**About this task:** Reproduce every line of the listing exactly.

**Input:**
(* Let $s\geq 2$ be an integer and let $T$ be a tree with $n$ vertices in which every vertex has degree at most $s$. Let $\mathcal{W}$ denote the Wiener index of $T$, and let $\mathcal{V}_{1,s}$ be the tree obtained from $T$ by one application of the Vicsek fractal operation $V_s$. Then the Wiener index of $\mathcal{V}_{1,s}$ is $$\mathcal{W}_{\mathcal{V}_{1,s}}=3(s+1)^{2}\mathcal{W}+(s^{2}-s-2)n^{2}+(s+2)n.$$
   Context: All graphs are simple and connected. The distance $d_{uv}$ between vertices $u,v$ is the number of edges of a shortest path joining them. The Wiener index of a graph $G=(V,E)$ is $\mathcal{W}=\sum_{\{u,v\},\,u\neq v} d_{uv}=\frac12\sum_{u\in V}\sum_{v\in V}d_{uv}$ (sum over unordered pairs of distinct vertices). The Vicsek fractal operation $V_s$ applied to a tree $T$ whose maximum degree is at most $s$ produces a new tree as follows: first, every edge $uv$ of $T$ is replaced by a path $u-a-b-v$ of length $3$ through two new vertices $a,b$ (distinct for each edge); then, to every original vertex $v$ of $T$, having degree $k_v$ in $T$, one attaches $s-k_v$ new pendant vertices (leaves), so that every original vertex has degree exactly $s$. The inserted vertices $a,b$ receive no further pendant vertices. *)

theory Defs
  imports Main
begin

definition simple_graph :: "'a set \<Rightarrow> ('a \<Rightarrow> 'a \<Rightarrow> bool) \<Rightarrow> bool" where
  "simple_graph V E \<longleftrightarrow> finite V \<and> (\<forall>u v. E u v \<longrightarrow> u \<in> V \<and> v \<in> V)
     \<and> (\<forall>u v. E u v \<longrightarrow> E v u) \<and> (\<forall>u. \<not> E u u)"

definition is_walk :: "'a set \<Rightarrow> ('a \<Rightarrow> 'a \<Rightarrow> bool) \<Rightarrow> 'a list \<Rightarrow> bool" where
  "is_walk V E xs \<longleftrightarrow> xs \<noteq> [] \<and> set xs \<subseteq> V \<and>
     (\<forall>i. Suc i < length xs \<longrightarrow> E (xs ! i) (xs ! Suc i))"

definition connected_graph :: "'a set \<Rightarrow> ('a \<Rightarrow> 'a \<Rightarrow> bool) \<Rightarrow> bool" where
  "connected_graph V E \<longleftrightarrow>
     (\<forall>u\<in>V. \<forall>v\<in>V. \<exists>xs. is_walk V E xs \<and> hd xs = u \<and> last xs = v)"

definition has_cycle :: "'a set \<Rightarrow> ('a \<Rightarrow> 'a \<Rightarrow> bool) \<Rightarrow> bool" where
  "has_cycle V E \<longleftrightarrow> (\<exists>xs. is_walk V E xs \<and> distinct xs \<and> length xs \<ge> 3 \<and> E (last xs) (hd xs))"

definition is_tree :: "'a set \<Rightarrow> ('a \<Rightarrow> 'a \<Rightarrow> bool) \<Rightarrow> bool" where
  "is_tree V E \<longleftrightarrow> simple_graph V E \<and> V \<noteq> {} \<and> connected_graph V E \<and> \<not> has_cycle V E"

definition degree :: "'a set \<Rightarrow> ('a \<Rightarrow> 'a \<Rightarrow> bool) \<Rightarrow> 'a \<Rightarrow> nat" where
  "degree V E v = card {u \<in> V. E v u}"

definition gdist :: "'a set \<Rightarrow> ('a \<Rightarrow> 'a \<Rightarrow> bool) \<Rightarrow> 'a \<Rightarrow> 'a \<Rightarrow> nat" where
  "gdist V E u v = (LEAST k. \<exists>xs. is_walk V E xs \<and> hd xs = u \<and> last xs = v \<and> length xs = Suc k)"

text \<open>Wiener index: sum of distances over unordered pairs of distinct vertices
  (= half the sum over all ordered pairs).\<close>
definition wiener :: "'a set \<Rightarrow> ('a \<Rightarrow> 'a \<Rightarrow> bool) \<Rightarrow> nat" where
  "wiener V E = (\<Sum>u\<in>V. \<Sum>v\<in>V. gdist V E u v) div 2"

text \<open>Vertices of the Vicsek tree V_s(T):
  Orig v   -- original vertex v;
  Sub u v  -- for an edge uv, the inserted vertex adjacent to u on the path u - Sub u v - Sub v u - v;
  Leaf v i -- the i-th pendant vertex attached to v (i < s - deg v).\<close>
datatype 'a vvert = Orig 'a | Sub 'a 'a | Leaf 'a nat

definition vicsek_V :: "nat \<Rightarrow> 'a set \<Rightarrow> ('a \<Rightarrow> 'a \<Rightarrow> bool) \<Rightarrow> 'a vvert set" where
  "vicsek_V s V E = Orig ` V \<union> {Sub u v | u v. E u v}
     \<union> {Leaf v i | v i. v \<in> V \<and> i < s - degree V E v}"

fun vicsek_E :: "nat \<Rightarrow> 'a set \<Rightarrow> ('a \<Rightarrow> 'a \<Rightarrow> bool) \<Rightarrow> 'a vvert \<Rightarrow> 'a vvert \<Rightarrow> bool" where
  "vicsek_E s V E (Orig u) (Sub u' v) = (u = u' \<and> E u v)"
| "vicsek_E s V E (Sub u' v) (Orig u) = (u = u' \<and> E u v)"
| "vicsek_E s V E (Sub u v) (Sub v' u') = (u = u' \<and> v = v' \<and> E u v)"
| "vicsek_E s V E (Orig v) (Leaf v' i) = (v = v' \<and> v \<in> V \<and> i < s - degree V E v)"
| "vicsek_E s V E (Leaf v' i) (Orig v) = (v = v' \<and> v \<in> V \<and> i < s - degree V E v)"
| "vicsek_E s V E _ _ = False"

**Result of the exercise:**
(* Let $s\geq 2$ be an integer and let $T$ be a tree with $n$ vertices in which every vertex has degree at most $s$. Let $\mathcal{W}$ denote the Wiener index of $T$, and let $\mathcal{V}_{1,s}$ be the tree obtained from $T$ by one application of the Vicsek fractal operation $V_s$. Then the Wiener index of $\mathcal{V}_{1,s}$ is $$\mathcal{W}_{\mathcal{V}_{1,s}}=3(s+1)^{2}\mathcal{W}+(s^{2}-s-2)n^{2}+(s+2)n.$$
   Context: All graphs are simple and connected. The distance $d_{uv}$ between vertices $u,v$ is the number of edges of a shortest path joining them. The Wiener index of a graph $G=(V,E)$ is $\mathcal{W}=\sum_{\{u,v\},\,u\neq v} d_{uv}=\frac12\sum_{u\in V}\sum_{v\in V}d_{uv}$ (sum over unordered pairs of distinct vertices). The Vicsek fractal operation $V_s$ applied to a tree $T$ whose maximum degree is at most $s$ produces a new tree as follows: first, every edge $uv$ of $T$ is replaced by a path $u-a-b-v$ of length $3$ through two new vertices $a,b$ (distinct for each edge); then, to every original vertex $v$ of $T$, having degree $k_v$ in $T$, one attaches $s-k_v$ new pendant vertices (leaves), so that every original vertex has degree exactly $s$. The inserted vertices $a,b$ receive no further pendant vertices. *)

theory Defs
  imports Main
begin

definition simple_graph :: "'a set \<Rightarrow> ('a \<Rightarrow> 'a \<Rightarrow> bool) \<Rightarrow> bool" where
  "simple_graph V E \<longleftrightarrow> finite V \<and> (\<forall>u v. E u v \<longrightarrow> u \<in> V \<and> v \<in> V)
     \<and> (\<forall>u v. E u v \<longrightarrow> E v u) \<and> (\<forall>u. \<not> E u u)"

definition is_walk :: "'a set \<Rightarrow> ('a \<Rightarrow> 'a \<Rightarrow> bool) \<Rightarrow> 'a list \<Rightarrow> bool" where
  "is_walk V E xs \<longleftrightarrow> xs \<noteq> [] \<and> set xs \<subseteq> V \<and>
     (\<forall>i. Suc i < length xs \<longrightarrow> E (xs ! i) (xs ! Suc i))"

definition connected_graph :: "'a set \<Rightarrow> ('a \<Rightarrow> 'a \<Rightarrow> bool) \<Rightarrow> bool" where
  "connected_graph V E \<longleftrightarrow>
     (\<forall>u\<in>V. \<forall>v\<in>V. \<exists>xs. is_walk V E xs \<and> hd xs = u \<and> last xs = v)"

definition has_cycle :: "'a set \<Rightarrow> ('a \<Rightarrow> 'a \<Rightarrow> bool) \<Rightarrow> bool" where
  "has_cycle V E \<longleftrightarrow> (\<exists>xs. is_walk V E xs \<and> distinct xs \<and> length xs \<ge> 3 \<and> E (last xs) (hd xs))"

definition is_tree :: "'a set \<Rightarrow> ('a \<Rightarrow> 'a \<Rightarrow> bool) \<Rightarrow> bool" where
  "is_tree V E \<longleftrightarrow> simple_graph V E \<and> V \<noteq> {} \<and> connected_graph V E \<and> \<not> has_cycle V E"

definition degree :: "'a set \<Rightarrow> ('a \<Rightarrow> 'a \<Rightarrow> bool) \<Rightarrow> 'a \<Rightarrow> nat" where
  "degree V E v = card {u \<in> V. E v u}"

definition gdist :: "'a set \<Rightarrow> ('a \<Rightarrow> 'a \<Rightarrow> bool) \<Rightarrow> 'a \<Rightarrow> 'a \<Rightarrow> nat" where
  "gdist V E u v = (LEAST k. \<exists>xs. is_walk V E xs \<and> hd xs = u \<and> last xs = v \<and> length xs = Suc k)"

text \<open>Wiener index: sum of distances over unordered pairs of distinct vertices
  (= half the sum over all ordered pairs).\<close>
definition wiener :: "'a set \<Rightarrow> ('a \<Rightarrow> 'a \<Rightarrow> bool) \<Rightarrow> nat" where
  "wiener V E = (\<Sum>u\<in>V. \<Sum>v\<in>V. gdist V E u v) div 2"

text \<open>Vertices of the Vicsek tree V_s(T):
  Orig v   -- original vertex v;
  Sub u v  -- for an edge uv, the inserted vertex adjacent to u on the path u - Sub u v - Sub v u - v;
  Leaf v i -- the i-th pendant vertex attached to v (i < s - deg v).\<close>
datatype 'a vvert = Orig 'a | Sub 'a 'a | Leaf 'a nat

definition vicsek_V :: "nat \<Rightarrow> 'a set \<Rightarrow> ('a \<Rightarrow> 'a \<Rightarrow> bool) \<Rightarrow> 'a vvert set" where
  "vicsek_V s V E = Orig ` V \<union> {Sub u v | u v. E u v}
     \<union> {Leaf v i | v i. v \<in> V \<and> i < s - degree V E v}"

fun vicsek_E :: "nat \<Rightarrow> 'a set \<Rightarrow> ('a \<Rightarrow> 'a \<Rightarrow> bool) \<Rightarrow> 'a vvert \<Rightarrow> 'a vvert \<Rightarrow> bool" where
  "vicsek_E s V E (Orig u) (Sub u' v) = (u = u' \<and> E u v)"
| "vicsek_E s V E (Sub u' v) (Orig u) = (u = u' \<and> E u v)"
| "vicsek_E s V E (Sub u v) (Sub v' u') = (u = u' \<and> v = v' \<and> E u v)"
| "vicsek_E s V E (Orig v) (Leaf v' i) = (v = v' \<and> v \<in> V \<and> i < s - degree V E v)"
| "vicsek_E s V E (Leaf v' i) (Orig v) = (v = v' \<and> v \<in> V \<and> i < s - degree V E v)"
| "vicsek_E s V E _ _ = False"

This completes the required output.